Lower bound of the energy cost $E_{\min }\equiv 1/{\eta }_{\max }$ versus the control time $T_f$. All networks are weighted BA scale-free networks except one weighted ER random network in (a), with the same size $N=500$ and $⟨s⟩=20$. The $s_c$ denotes the strength of directly controlled node. In (a) $a=-150$ which makes $\mathbf{A}$ PD. In (b) $a=-50$ thus $\mathbf{A}$ is not PD. The dashed line in the semilog plot in (b) has a slope $2{\lambda }_N$. The symbols represent the same quantities calculated numerically and the solid lines represent the results from the estimation ${\eta }_{\max }\approx \mathrm{Tr}[\mathbf{H}]$.

Figure 2

Upper bound of the control energy cost $E_{\max }\equiv 1/{\eta }_{\min }$ for a weighted BA network with 20 nodes. In (a), $a=2$ thus $\mathbf{A}$ is ND. In (b), $a=-5$. In (c), $a=-20$ so that $\mathbf{A}$ is PD. In (a)–(c), (●) represent the upper bound $E_{\max }$ while (◀) represent the corresponding lower bound $E_{\min }$ (included for comparison). In (d) the decaying behavior of $E_{\max }$ is shown for different $s_c$ and $a$ values.

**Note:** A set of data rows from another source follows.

(* Let $s$ be a positive integer and let $f_1,f_2,f_3\colon[s]^2\to\mathbb{Z}$ be strongly monotone functions. Define $f\colon[s]^3\to\mathbb{Z}^3$ by $f(x,y,z)=\bigl(f_1(x,y),f_2(x,z),f_3(y,z)\bigr)$. Then $f$ takes at least $s^2/6$ distinct values on $[s]^3$.
   Context: $[s]=\{1,\dots,s\}$. A function $g$ of two variables is strongly monotone if $g(x,y)\leq g(x',y)$, $g(x,y)\leq g(x,y')$ and $g(x,y)<g(x',y')$ whenever $x<x'$ and $y<y'$. *)

theory Defs
  imports Complex_Main
begin

definition strongly_monotone_on :: "nat \<Rightarrow> (nat \<Rightarrow> nat \<Rightarrow> int) \<Rightarrow> bool" where
  "strongly_monotone_on s g \<longleftrightarrow>
     (\<forall>x\<in>{1..s}. \<forall>x'\<in>{1..s}. \<forall>y\<in>{1..s}. \<forall>y'\<in>{1..s}.
        (x < x' \<longrightarrow> g x y \<le> g x' y) \<and>
        (y < y' \<longrightarrow> g x y \<le> g x y') \<and>
        (x < x' \<and> y < y' \<longrightarrow> g x y < g x' y'))"

end

theory Submission
  imports Defs
begin

text \<open>Two points of a fibre of \<open>f\<close> can never increase strictly in two coordinates at once,
  since the component of \<open>f\<close> built from those two coordinates would then increase strictly as
  well. A set of such points in the cube has at most \<open>4s\<close> elements: among the points lowest
  in their \<open>z\<close>-column the difference \<open>x - y\<close> determines the point, and among the others
  \<open>x - z\<close> does. Hence the \<open>s\<^sup>3\<close> points of the cube meet at least \<open>s\<^sup>2/4\<close> fibres.\<close>

lemma card_le_card_image_mult:
  assumes "finite A" and "\<And>v. card {a \<in> A. f a = v} \<le> k"
  shows "card A \<le> card (f ` A) * k"
proof -
  have "A = (\<Union>v \<in> f ` A. {a \<in> A. f a = v})" by auto
  then have "card A \<le> (\<Sum>v \<in> f ` A. card {a \<in> A. f a = v})"
    by (metis assms(1) card_UN_le finite_imageI)
  also have "\<dots> \<le> card (f ` A) * k"
    using sum_bounded_above[of "f ` A" "\<lambda>v. card {a \<in> A. f a = v}" k] assms(2) by simp
  finally show ?thesis .
qed

lemma card_le_of_inj_on_difference:
  fixes d :: "'a \<Rightarrow> int"
  assumes "inj_on d G" and "\<And>p. p \<in> G \<Longrightarrow> \<exists>a \<in> {1..s}. \<exists>b \<in> {1..s}. d p = int a - int b"
  shows "card G \<le> 2 * s"
proof -
  have "d ` G \<subseteq> {1 - int s .. int s - 1}"
    using assms(2) by force
  then have "card (d ` G) \<le> card {1 - int s .. int s - 1}"
    by (intro card_mono) auto
  then show ?thesis
    using assms(1) by (simp add: card_image)
qed

lemma difference_eq_imp_eq:
  fixes a b a' b' :: nat
  assumes "int a - int b = int a' - int b'" and "\<not> (a < a' \<and> b < b')" and "\<not> (a' < a \<and> b' < b)"
  shows "a = a' \<and> b = b'"
  using assms by linarith

definition pairwise_antichain :: "(nat \<times> nat \<times> nat) set \<Rightarrow> bool" where
  "pairwise_antichain F \<longleftrightarrow>
     (\<forall>x y z x' y' z'. (x, y, z) \<in> F \<longrightarrow> (x', y', z') \<in> F \<longrightarrow>
        \<not> (x < x' \<and> y < y') \<and> \<not> (x < x' \<and> z < z') \<and> \<not> (y < y' \<and> z < z'))"

lemma inj_on_column_minima:
  assumes "pairwise_antichain F"
  shows "inj_on (\<lambda>(x, y, z). int x - int y) {(x, y, z) \<in> F. \<forall>z' < z. (x, y, z') \<notin> F}"
proof (rule inj_onI, clarsimp)
  fix x y z x' y' z'
  assume p: "(x, y, z) \<in> F" "\<forall>z'' < z. (x, y, z'') \<notin> F"
    and q: "(x', y', z') \<in> F" "\<forall>z'' < z'. (x', y', z'') \<notin> F"
    and "int x - int y = int x' - int y'"
  with assms have "x = x' \<and> y = y'"
    unfolding pairwise_antichain_def by (metis difference_eq_imp_eq)
  with p q show "x = x' \<and> y = y' \<and> z = z'"
    by (metis linorder_neqE_nat)
qed

lemma inj_on_column_non_minima:
  assumes "pairwise_antichain F"
  shows "inj_on (\<lambda>(x, y, z). int x - int z) {(x, y, z) \<in> F. \<exists>z' < z. (x, y, z') \<in> F}"
proof (rule inj_onI, clarsimp)
  fix x y z x' y' z' z0 z1
  assume p: "(x, y, z) \<in> F" "z0 < z" "(x, y, z0) \<in> F"
    and q: "(x', y', z') \<in> F" "z1 < z'" "(x', y', z1) \<in> F"
    and "int x - int z = int x' - int z'"
  with assms have xz: "x = x' \<and> z = z'"
    unfolding pairwise_antichain_def by (metis difference_eq_imp_eq)
  \<comment> \<open>\<open>y < y'\<close> would make \<open>(x, y, z0)\<close> increase strictly in \<open>y\<close> and \<open>z\<close> towards \<open>(x', y', z')\<close>\<close>
  have "\<not> y < y'" and "\<not> y' < y"
    using assms p q xz unfolding pairwise_antichain_def by blast+
  with xz show "x = x' \<and> y = y' \<and> z = z'" by simp
qed

lemma card_pairwise_antichain_le:
  assumes "F \<subseteq> {1..s} \<times> {1..s} \<times> {1..s}" and "pairwise_antichain F"
  shows "card F \<le> 4 * s"
proof -
  define L where "L = {(x, y, z) \<in> F. \<forall>z' < z. (x, y, z') \<notin> F}"
  define U where "U = {(x, y, z) \<in> F. \<exists>z' < z. (x, y, z') \<in> F}"
  have "F = L \<union> U" unfolding L_def U_def by auto
  then have "card F \<le> card L + card U" by (metis card_Un_le)
  moreover have "card L \<le> 2 * s"
    using inj_on_column_minima[OF assms(2)] assms(1)
    by (intro card_le_of_inj_on_difference) (auto simp: L_def)
  moreover have "card U \<le> 2 * s"
    using inj_on_column_non_minima[OF assms(2)] assms(1)
    by (intro card_le_of_inj_on_difference) (auto simp: U_def)
  ultimately show ?thesis by simp
qed

lemma strongly_monotone_on_less:
  assumes "strongly_monotone_on s g" "x \<in> {1..s}" "x' \<in> {1..s}" "y \<in> {1..s}" "y' \<in> {1..s}"
    and "x < x'" "y < y'"
  shows "g x y < g x' y'"
  using assms unfolding strongly_monotone_on_def by blast

lemma pairwise_antichain_fibre:
  assumes "strongly_monotone_on s f1" "strongly_monotone_on s f2" "strongly_monotone_on s f3"
  shows "pairwise_antichain
           {p \<in> {1..s} \<times> {1..s} \<times> {1..s}. (\<lambda>(x, y, z). (f1 x y, f2 x z, f3 y z)) p = v}"
    (is "pairwise_antichain ?F")
  unfolding pairwise_antichain_def
proof (intro allI impI)
  fix x y z x' y' z'
  assume "(x, y, z) \<in> ?F" and "(x', y', z') \<in> ?F"
  then have "x \<in> {1..s}" "y \<in> {1..s}" "z \<in> {1..s}" "x' \<in> {1..s}" "y' \<in> {1..s}" "z' \<in> {1..s}"
    and "f1 x y = f1 x' y'" "f2 x z = f2 x' z'" "f3 y z = f3 y' z'"
    by auto
  then show "\<not> (x < x' \<and> y < y') \<and> \<not> (x < x' \<and> z < z') \<and> \<not> (y < y' \<and> z < z')"
    using strongly_monotone_on_less[OF assms(1)] strongly_monotone_on_less[OF assms(2)]
      strongly_monotone_on_less[OF assms(3)]
    by (metis less_irrefl)
qed

theorem lemma24:
  fixes s :: nat and f1 f2 f3 :: "nat \<Rightarrow> nat \<Rightarrow> int"
  assumes "s \<ge> 1"
    and "strongly_monotone_on s f1"
    and "strongly_monotone_on s f2"
    and "strongly_monotone_on s f3"
  shows "real (card ((\<lambda>(x, y, z). (f1 x y, f2 x z, f3 y z)) ` ({1..s} \<times> {1..s} \<times> {1..s})))
           \<ge> real s ^ 2 / 6"
proof -
  define A where "A = {1..s} \<times> {1..s} \<times> {1..s}"
  define f where "f = (\<lambda>(x, y, z). (f1 x y, f2 x z, f3 y z))"
  have "card {a \<in> A. f a = v} \<le> 4 * s" for v
    using card_pairwise_antichain_le[OF _ pairwise_antichain_fibre[OF assms(2-4)]]
    unfolding A_def f_def by blast
  then have "card A \<le> card (f ` A) * (4 * s)"
    by (intro card_le_card_image_mult) (simp add: A_def)
  then have "s * s ^ 2 \<le> s * (4 * card (f ` A))"
    by (simp add: A_def power2_eq_square mult_ac)
  then have "s ^ 2 \<le> 4 * card (f ` A)"
    using assms(1) by simp
  then have "real s ^ 2 \<le> 4 * real (card (f ` A))"
    by (metis of_nat_le_iff of_nat_mult of_nat_numeral of_nat_power)
  then show ?thesis unfolding A_def f_def by simp
qed

end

The dashed line has a slope $-36$. In (e) the exponential decay of $E_{\max }$ for large $T_f$ is plotted for different values of $a$. The slopes of dashed lines are $2{\lambda }_1$, respectively. In (f) the constant values of the energy cost in (c) are shown as a function of $|a+s_c|$. The slope of the dashed line is 2.

Figure 3

(a) The ratio ${\epsilon }_{\mathrm{BA}}/{\epsilon }_{\mathrm{ER}}$ for different network size $N$. In order to eliminate the effects of nodal dynamics and strength, we fix the values of $a_{ii}$ and $⟨s⟩$. The results include the ratio for optimal driver node (◀) and the ratio of averaging over different driver nodes (●). The error bars are caused by different generations of network topology and link weights. (b) $E_{\min }$ (◀, left) and $E_{\max }$ (●, right) versus $n_c$, the number of directly controlled nodes. The dot pointed by the arrow corresponds to the node with largest degree in the network.